**TASK ITEM**: Look through the records and copy each line that has "assumes" in it.

**TASK DATA**:
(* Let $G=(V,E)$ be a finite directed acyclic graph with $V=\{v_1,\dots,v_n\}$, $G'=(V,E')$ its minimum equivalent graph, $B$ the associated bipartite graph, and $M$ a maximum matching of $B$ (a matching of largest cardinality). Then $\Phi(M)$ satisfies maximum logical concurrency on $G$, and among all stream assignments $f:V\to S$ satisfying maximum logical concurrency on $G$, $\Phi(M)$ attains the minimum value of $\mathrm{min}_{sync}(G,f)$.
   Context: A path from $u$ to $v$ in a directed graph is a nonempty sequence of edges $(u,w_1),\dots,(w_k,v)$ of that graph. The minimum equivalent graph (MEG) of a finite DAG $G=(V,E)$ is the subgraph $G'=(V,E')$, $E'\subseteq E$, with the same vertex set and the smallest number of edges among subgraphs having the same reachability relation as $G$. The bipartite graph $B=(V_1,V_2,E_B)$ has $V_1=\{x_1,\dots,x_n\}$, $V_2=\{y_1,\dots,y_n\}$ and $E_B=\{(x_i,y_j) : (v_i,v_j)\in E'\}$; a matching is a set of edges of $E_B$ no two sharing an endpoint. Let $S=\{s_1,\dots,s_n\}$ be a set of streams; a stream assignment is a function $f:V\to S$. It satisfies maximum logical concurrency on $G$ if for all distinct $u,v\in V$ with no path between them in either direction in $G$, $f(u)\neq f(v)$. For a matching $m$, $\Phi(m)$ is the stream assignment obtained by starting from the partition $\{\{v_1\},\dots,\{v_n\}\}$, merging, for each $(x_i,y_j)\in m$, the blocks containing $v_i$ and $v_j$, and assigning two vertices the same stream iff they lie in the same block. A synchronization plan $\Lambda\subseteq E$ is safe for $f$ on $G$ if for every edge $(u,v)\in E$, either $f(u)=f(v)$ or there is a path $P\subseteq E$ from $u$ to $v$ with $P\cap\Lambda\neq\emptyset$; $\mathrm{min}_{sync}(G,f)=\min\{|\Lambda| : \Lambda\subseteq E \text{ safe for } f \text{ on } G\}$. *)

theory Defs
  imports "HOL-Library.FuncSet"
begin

...

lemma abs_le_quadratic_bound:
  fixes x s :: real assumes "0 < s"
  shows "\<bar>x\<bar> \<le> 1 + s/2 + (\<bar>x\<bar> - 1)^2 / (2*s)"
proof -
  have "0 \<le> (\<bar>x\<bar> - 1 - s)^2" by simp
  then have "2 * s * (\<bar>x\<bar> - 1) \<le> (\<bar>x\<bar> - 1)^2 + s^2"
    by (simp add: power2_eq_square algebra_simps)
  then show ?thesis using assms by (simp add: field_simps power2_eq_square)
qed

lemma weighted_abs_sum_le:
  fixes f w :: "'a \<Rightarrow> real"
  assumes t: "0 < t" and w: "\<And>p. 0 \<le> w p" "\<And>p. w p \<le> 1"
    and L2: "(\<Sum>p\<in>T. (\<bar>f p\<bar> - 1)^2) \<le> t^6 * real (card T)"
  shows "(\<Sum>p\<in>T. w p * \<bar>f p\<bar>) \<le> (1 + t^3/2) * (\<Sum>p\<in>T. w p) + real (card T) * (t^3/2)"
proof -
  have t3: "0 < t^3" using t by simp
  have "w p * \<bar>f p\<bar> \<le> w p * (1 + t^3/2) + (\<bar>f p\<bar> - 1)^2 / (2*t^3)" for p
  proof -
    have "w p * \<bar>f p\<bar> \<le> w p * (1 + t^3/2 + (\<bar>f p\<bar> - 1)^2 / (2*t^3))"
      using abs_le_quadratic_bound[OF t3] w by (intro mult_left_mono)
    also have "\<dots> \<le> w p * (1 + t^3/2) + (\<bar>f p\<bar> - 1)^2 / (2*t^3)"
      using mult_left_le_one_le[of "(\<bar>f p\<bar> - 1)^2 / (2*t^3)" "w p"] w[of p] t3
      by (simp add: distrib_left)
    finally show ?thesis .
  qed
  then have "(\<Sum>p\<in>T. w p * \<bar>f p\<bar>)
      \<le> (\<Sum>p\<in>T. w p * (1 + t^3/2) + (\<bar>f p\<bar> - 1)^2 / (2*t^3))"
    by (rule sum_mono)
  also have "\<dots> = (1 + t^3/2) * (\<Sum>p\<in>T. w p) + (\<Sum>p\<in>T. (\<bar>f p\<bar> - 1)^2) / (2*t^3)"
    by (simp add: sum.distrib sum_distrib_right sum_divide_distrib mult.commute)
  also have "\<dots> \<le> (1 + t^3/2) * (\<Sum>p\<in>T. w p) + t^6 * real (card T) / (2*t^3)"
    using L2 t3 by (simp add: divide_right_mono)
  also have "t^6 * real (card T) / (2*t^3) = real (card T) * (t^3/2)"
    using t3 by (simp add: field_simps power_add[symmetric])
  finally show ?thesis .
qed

**RESPONSE TO THIS EXERCISE**:
  fixes x s :: real assumes "0 < s"
  assumes t: "0 < t" and w: "\<And>p. 0 \<le> w p" "\<And>p. w p \<le> 1"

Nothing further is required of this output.